The band are good and the structure fine, host Kiruna Stamell works hard to get us on board and is largely successful. She can sing and the “end” is a fine piece of music. Our future children were also wonderfully eerie, cheery and chilling as they speak together. The design is great though the staging of the chat show format gives a theatre a bit of a challenge, but it works because this is the format in which chat shows are recorded.

Technically there was little to fault although the trackies were a stylized choice which didn’t work for me, the concept, as a whole did.

I loved the advert in the interval and that was where I felt there might be a bigger idea struggling to get through the script.

Where I really had issues therefore was that I found the script overly indulgent in how it addressed the issues of the art rather than the issues of the underlying ideals. By the time that Toni arrived I had lost the danger of the piece and was struggling to keep my head around the argument between the director and the love interest, Prof. I found Prof less than likeable though some of the points being made could have found me more receptive if the text had been crisper and less wordy. It also helps to enter with a bit of a flourish and musically it had been an off night.
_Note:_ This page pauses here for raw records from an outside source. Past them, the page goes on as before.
(* Let $\mathcal E_i\equiv1\to H_i\xrightarrow{\alpha_i}G_i\xrightarrow{\beta_i}K_i\to1$ ($i=1,2$) be central extensions of multiplicative Lie algebras and $(\lambda,\mu,\nu)$ an isoclinic morphism from $\mathcal E_1$ to $\mathcal E_2$. Then $\ker\mu\cap{}^M[G_1,G_1]=1$ and $\mu(G_1)\,\alpha_2(H_2)=G_2$.
   Context: A multiplicative Lie algebra is a group $(G,\cdot)$ with a binary operation $\star$ such that for all $x,y,z\in G$: $x\star x=1$; $x\star(yz)=(x\star y)\,{}^y(x\star z)$; $(xy)\star z={}^x(y\star z)(x\star z)$; $((x\star y)\star{}^yz)((y\star z)\star{}^zx)((z\star x)\star{}^xy)=1$; ${}^z(x\star y)={}^zx\star{}^zy$, where ${}^xy=xyx^{-1}$. Homomorphisms preserve both operations. $Z(G)$ is the group center, $LZ(G)=\{x: x\star y=1\ \forall y\}$, $\mathcal Z(G)=LZ(G)\cap Z(G)$; $[x,y]$ is the group commutator; ${}^M[G,G]=(G\star G)[G,G]$ with $G\star G$ the ideal generated by all $a\star b$. A central extension is a short exact sequence $1\to H\xrightarrow{\alpha}G\xrightarrow{\beta}K\to1$ of multiplicative Lie algebras with $\alpha(H)\subseteq\mathcal Z(G)$. A morphism $(\lambda,\mu,\nu)$ from $\mathcal E_1$ to $\mathcal E_2$ consists of homomorphisms $\lambda:H_1\to H_2$, $\mu:G_1\to G_2$, $\nu:K_1\to K_2$ with $\mu\alpha_1=\alpha_2\lambda$, $\beta_2\mu=\nu\beta_1$. It is an isoclinic morphism if $\nu$ and $\mu|_{{}^M[G_1,G_1]}:{}^M[G_1,G_1]\to{}^M[G_2,G_2]$ are isomorphisms such that $\mu([g,g'])=[h,h']$ and $\mu(g\star g')=h\star h'$ whenever $g,g'\in G_1$, $h,h'\in G_2$ with $\beta_2(h)=\nu\beta_1(g)$, $\beta_2(h')=\nu\beta_1(g')$. *)

theory Defs
  imports "HOL-Algebra.Algebra"
begin

record 'a mla = "'a monoid" + star :: "'a \<Rightarrow> 'a \<Rightarrow> 'a"

definition conjg :: "('a, 'b) monoid_scheme \<Rightarrow> 'a \<Rightarrow> 'a \<Rightarrow> 'a" where
  "conjg G x y = x \<otimes>\<^bsub>G\<^esub> y \<otimes>\<^bsub>G\<^esub> inv\<^bsub>G\<^esub> x"

definition mult_lie_alg :: "('a, 'b) mla_scheme \<Rightarrow> bool" where
  "mult_lie_alg G \<longleftrightarrow> group G \<and>
    (\<forall>x\<in>carrier G. \<forall>y\<in>carrier G. star G x y \<in> carrier G) \<and>
    (\<forall>x\<in>carrier G. star G x x = \<one>\<^bsub>G\<^esub>) \<and>
    (\<forall>x\<in>carrier G. \<forall>y\<in>carrier G. \<forall>z\<in>carrier G.
        star G x (y \<otimes>\<^bsub>G\<^esub> z) = star G x y \<otimes>\<^bsub>G\<^esub> conjg G y (star G x z)) \<and>
    (\<forall>x\<in>carrier G. \<forall>y\<in>carrier G. \<forall>z\<in>carrier G.
        star G (x \<otimes>\<^bsub>G\<^esub> y) z = conjg G x (star G y z) \<otimes>\<^bsub>G\<^esub> star G x z) \<and>
    (\<forall>x\<in>carrier G. \<forall>y\<in>carrier G. \<forall>z\<in>carrier G.
        star G (star G x y) (conjg G y z) \<otimes>\<^bsub>G\<^esub> star G (star G y z) (conjg G z x)
          \<otimes>\<^bsub>G\<^esub> star G (star G z x) (conjg G x y) = \<one>\<^bsub>G\<^esub>) \<and>
    (\<forall>x\<in>carrier G. \<forall>y\<in>carrier G. \<forall>z\<in>carrier G.
        conjg G z (star G x y) = star G (conjg G z x) (conjg G z y))"

definition mla_hom :: "('a, 'c) mla_scheme \<Rightarrow> ('b, 'd) mla_scheme \<Rightarrow> ('a \<Rightarrow> 'b) set" where
  "mla_hom G H = {f. f \<in> hom G H \<and>
     (\<forall>x\<in>carrier G. \<forall>y\<in>carrier G. f (star G x y) = star H (f x) (f y))}"

definition gcomm :: "('a, 'b) monoid_scheme \<Rightarrow> 'a \<Rightarrow> 'a \<Rightarrow> 'a" where
  "gcomm G x y = x \<otimes>\<^bsub>G\<^esub> y \<otimes>\<^bsub>G\<^esub> inv\<^bsub>G\<^esub> x \<otimes>\<^bsub>G\<^esub> inv\<^bsub>G\<^esub> y"

definition group_center :: "('a, 'b) monoid_scheme \<Rightarrow> 'a set" where
  "group_center G = {x \<in> carrier G. \<forall>y\<in>carrier G. x \<otimes>\<^bsub>G\<^esub> y = y \<otimes>\<^bsub>G\<^esub> x}"

definition lie_center :: "('a, 'b) mla_scheme \<Rightarrow> 'a set" where
  "lie_center G = {x \<in> carrier G. \<forall>y\<in>carrier G. star G x y = \<one>\<^bsub>G\<^esub>}"

definition mla_center :: "('a, 'b) mla_scheme \<Rightarrow> 'a set" where
  "mla_center G = lie_center G \<inter> group_center G"

definition mla_ideal :: "'a set \<Rightarrow> ('a, 'b) mla_scheme \<Rightarrow> bool" where
  "mla_ideal I G \<longleftrightarrow> I \<lhd> G \<and> (\<forall>g\<in>carrier G. \<forall>i\<in>I. star G g i \<in> I)"

definition star_ideal :: "('a, 'b) mla_scheme \<Rightarrow> 'a set" where
  "star_ideal G = \<Inter>{I. mla_ideal I G \<and>
      {star G a b | a b. a \<in> carrier G \<and> b \<in> carrier G} \<subseteq> I}"

definition comm_subgroup :: "('a, 'b) monoid_scheme \<Rightarrow> 'a set" where
  "comm_subgroup G = derived G (carrier G)"

definition Mcomm :: "('a, 'b) mla_scheme \<Rightarrow> 'a set" where
  "Mcomm G = star_ideal G <#>\<^bsub>G\<^esub> comm_subgroup G"

definition central_extension ::
  "('h, 'x) mla_scheme \<Rightarrow> ('g, 'y) mla_scheme \<Rightarrow> ('k, 'z) mla_scheme \<Rightarrow>
   ('h \<Rightarrow> 'g) \<Rightarrow> ('g \<Rightarrow> 'k) \<Rightarrow> bool" where
  "central_extension H G K \<alpha> \<beta> \<longleftrightarrow>
     mult_lie_alg H \<and> mult_lie_alg G \<and> mult_lie_alg K \<and>
     \<alpha> \<in> mla_hom H G \<and> \<beta> \<in> mla_hom G K \<and>
     inj_on \<alpha> (carrier H) \<and> \<beta> ` carrier G = carrier K \<and>
     \<alpha> ` carrier H = kernel G K \<beta> \<and>
     \<alpha> ` carrier H \<subseteq> mla_center G"

definition ext_morphism ::
  "('h1, 'x1) mla_scheme \<Rightarrow> ('g1, 'y1) mla_scheme \<Rightarrow> ('k1, 'z1) mla_scheme \<Rightarrow>
   ('h1 \<Rightarrow> 'g1) \<Rightarrow> ('g1 \<Rightarrow> 'k1) \<Rightarrow>
   ('h2, 'x2) mla_scheme \<Rightarrow> ('g2, 'y2) mla_scheme \<Rightarrow> ('k2, 'z2) mla_scheme \<Rightarrow>
   ('h2 \<Rightarrow> 'g2) \<Rightarrow> ('g2 \<Rightarrow> 'k2) \<Rightarrow>
   ('h1 \<Rightarrow> 'h2) \<Rightarrow> ('g1 \<Rightarrow> 'g2) \<Rightarrow> ('k1 \<Rightarrow> 'k2) \<Rightarrow> bool" where
  "ext_morphism H1 G1 K1 \<alpha>1 \<beta>1 H2 G2 K2 \<alpha>2 \<beta>2 lam \<mu> \<nu> \<longleftrightarrow>
     lam \<in> mla_hom H1 H2 \<and> \<mu> \<in> mla_hom G1 G2 \<and> \<nu> \<in> mla_hom K1 K2 \<and>
     (\<forall>h\<in>carrier H1. \<mu> (\<alpha>1 h) = \<alpha>2 (lam h)) \<and>
     (\<forall>g\<in>carrier G1. \<beta>2 (\<mu> g) = \<nu> (\<beta>1 g))"

definition isoclinic_morphism ::
  "('h1, 'x1) mla_scheme \<Rightarrow> ('g1, 'y1) mla_scheme \<Rightarrow> ('k1, 'z1) mla_scheme \<Rightarrow>
   ('h1 \<Rightarrow> 'g1) \<Rightarrow> ('g1 \<Rightarrow> 'k1) \<Rightarrow>
   ('h2, 'x2) mla_scheme \<Rightarrow> ('g2, 'y2) mla_scheme \<Rightarrow> ('k2, 'z2) mla_scheme \<Rightarrow>
   ('h2 \<Rightarrow> 'g2) \<Rightarrow> ('g2 \<Rightarrow> 'k2) \<Rightarrow>
   ('h1 \<Rightarrow> 'h2) \<Rightarrow> ('g1 \<Rightarrow> 'g2) \<Rightarrow> ('k1 \<Rightarrow> 'k2) \<Rightarrow> bool" where
  "isoclinic_morphism H1 G1 K1 \<alpha>1 \<beta>1 H2 G2 K2 \<alpha>2 \<beta>2 lam \<mu> \<nu> \<longleftrightarrow>
     ext_morphism H1 G1 K1 \<alpha>1 \<beta>1 H2 G2 K2 \<alpha>2 \<beta>2 lam \<mu> \<nu> \<and>
     bij_betw \<nu> (carrier K1) (carrier K2) \<and>
     bij_betw \<mu> (Mcomm G1) (Mcomm G2) \<and>
     (\<forall>g\<in>carrier G1. \<forall>g'\<in>carrier G1. \<forall>h\<in>carrier G2. \<forall>h'\<in>carrier G2.
        \<beta>2 h = \<nu> (\<beta>1 g) \<longrightarrow> \<beta>2 h' = \<nu> (\<beta>1 g') \<longrightarrow>
        \<mu> (gcomm G1 g g') = gcomm G2 h h' \<and> \<mu> (star G1 g g') = star G2 h h')"

end

theory Submission
  imports Defs
begin

(* Only the group-theoretic part of the isoclinism data is needed: \<mu> is injective on
   Mcomm G1, which contains the identity, and \<beta>2 \<circ> \<mu> = \<nu> \<circ> \<beta>1 is onto K2, so every
   element of G2 lies in the coset of some \<mu> g modulo ker \<beta>2 = \<alpha>2(H2). *)

lemma (in group_hom) kernel_Int_eq_one_if_inj_on:
  assumes "inj_on h S" and "\<one> \<in> S"
  shows "kernel G H h \<inter> S = {\<one>}"
  using assms hom_one by (auto simp: kernel_def dest: inj_onD[of h S _ \<one>])

lemma one_mem_star_ideal:
  assumes "group G"
  shows "\<one>\<^bsub>G\<^esub> \<in> star_ideal G"
  unfolding star_ideal_def mla_ideal_def
  by (auto intro: subgroup.one_closed normal_imp_subgroup)

lemma one_mem_comm_subgroup:
  assumes "group G"
  shows "\<one>\<^bsub>G\<^esub> \<in> comm_subgroup G"
  unfolding comm_subgroup_def
  using group.derived_is_subgroup[OF assms] subgroup.one_closed by blast

lemma one_mem_Mcomm:
  assumes "group G"
  shows "\<one>\<^bsub>G\<^esub> \<in> Mcomm G"
proof -
  have "\<one>\<^bsub>G\<^esub> = \<one>\<^bsub>G\<^esub> \<otimes>\<^bsub>G\<^esub> \<one>\<^bsub>G\<^esub>"
    using assms by (simp add: group.is_monoid)
  then show ?thesis
    unfolding Mcomm_def set_mult_def
    using one_mem_star_ideal[OF assms] one_mem_comm_subgroup[OF assms] by blast
qed

lemma central_extension_group_hom:
  assumes "central_extension H G K \<alpha> \<beta>"
  shows "group_hom G K \<beta>"
  using assms
  by (simp add: central_extension_def mult_lie_alg_def mla_hom_def group_hom_def group_hom_axioms_def)

lemma isoclinic_morphism_group_hom:
  assumes "central_extension H1 G1 K1 \<alpha>1 \<beta>1"
    and "central_extension H2 G2 K2 \<alpha>2 \<beta>2"
    and "isoclinic_morphism H1 G1 K1 \<alpha>1 \<beta>1 H2 G2 K2 \<alpha>2 \<beta>2 lam \<mu> \<nu>"
  shows "group_hom G1 G2 \<mu>"
  using assms
  by (simp add: central_extension_def mult_lie_alg_def isoclinic_morphism_def ext_morphism_def
      mla_hom_def group_hom_def group_hom_axioms_def)

lemma isoclinic_morphism_comp_surj:
  assumes "central_extension H1 G1 K1 \<alpha>1 \<beta>1"
    and "isoclinic_morphism H1 G1 K1 \<alpha>1 \<beta>1 H2 G2 K2 \<alpha>2 \<beta>2 lam \<mu> \<nu>"
  shows "(\<beta>2 \<circ> \<mu>) ` carrier G1 = carrier K2"
proof -
  have "(\<beta>2 \<circ> \<mu>) ` carrier G1 = \<nu> ` \<beta>1 ` carrier G1"
    using assms(2) by (force simp: isoclinic_morphism_def ext_morphism_def)
  also have "\<dots> = carrier K2"
    using assms by (simp add: central_extension_def isoclinic_morphism_def bij_betw_def)
  finally show ?thesis .
qed

theorem corollary4p6:
  fixes H1 :: "('h1, 'x1) mla_scheme" and G1 :: "('g1, 'y1) mla_scheme"
    and K1 :: "('k1, 'z1) mla_scheme"
    and H2 :: "('h2, 'x2) mla_scheme" and G2 :: "('g2, 'y2) mla_scheme"
    and K2 :: "('k2, 'z2) mla_scheme"
  assumes "central_extension H1 G1 K1 \<alpha>1 \<beta>1"
    and "central_extension H2 G2 K2 \<alpha>2 \<beta>2"
    and "isoclinic_morphism H1 G1 K1 \<alpha>1 \<beta>1 H2 G2 K2 \<alpha>2 \<beta>2 lam \<mu> \<nu>"
  shows "kernel G1 G2 \<mu> \<inter> Mcomm G1 = {\<one>\<^bsub>G1\<^esub>} \<and>
         (\<mu> ` carrier G1) <#>\<^bsub>G2\<^esub> (\<alpha>2 ` carrier H2) = carrier G2"
proof
  interpret \<mu>: group_hom G1 G2 \<mu>
    using isoclinic_morphism_group_hom[OF assms] .
  interpret \<beta>2: group_hom G2 K2 \<beta>2
    using central_extension_group_hom[OF assms(2)] .
  show "kernel G1 G2 \<mu> \<inter> Mcomm G1 = {\<one>\<^bsub>G1\<^esub>}"
    using assms(3) \<mu>.kernel_Int_eq_one_if_inj_on one_mem_Mcomm[OF \<mu>.G.is_group]
    by (simp add: isoclinic_morphism_def bij_betw_def)
  have "\<alpha>2 ` carrier H2 = kernel G2 K2 \<beta>2"
    using assms(2) by (simp add: central_extension_def)
  then show "(\<mu> ` carrier G1) <#>\<^bsub>G2\<^esub> (\<alpha>2 ` carrier H2) = carrier G2"
    using group_sum_image_ker[OF \<mu>.homh \<beta>2.homh isoclinic_morphism_comp_surj[OF assms(1,3)]]
      \<mu>.G.is_group \<mu>.H.is_group \<beta>2.H.is_group
    by simp
qed

end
The decision to replace the director with an actor was a good one and I would have done that sooner. I would also have sought to be far more radical in my choice of staging and developing the piece as Stamell’s interplay with the camera during the interviews was something that started to push but then fell back. The interplay could have been interesting to pursue in the difference between live events and recorded history.

The connections between part 1, and the 2 and 3 was lost for me. I don’t drink so the offered whiskey was no solace.

Overall this was a concept with a great deal of merit, but for me it fell a little short. The journey, however, was one where afterwards, I could muse and consider that what I had seen was likely to alter a perception. Mine remains as it was but could change with the next stage beyond. I am curious, having seen Paul Bright’s Confessions what Laing will do next and perhaps that is what it was all about – the journey.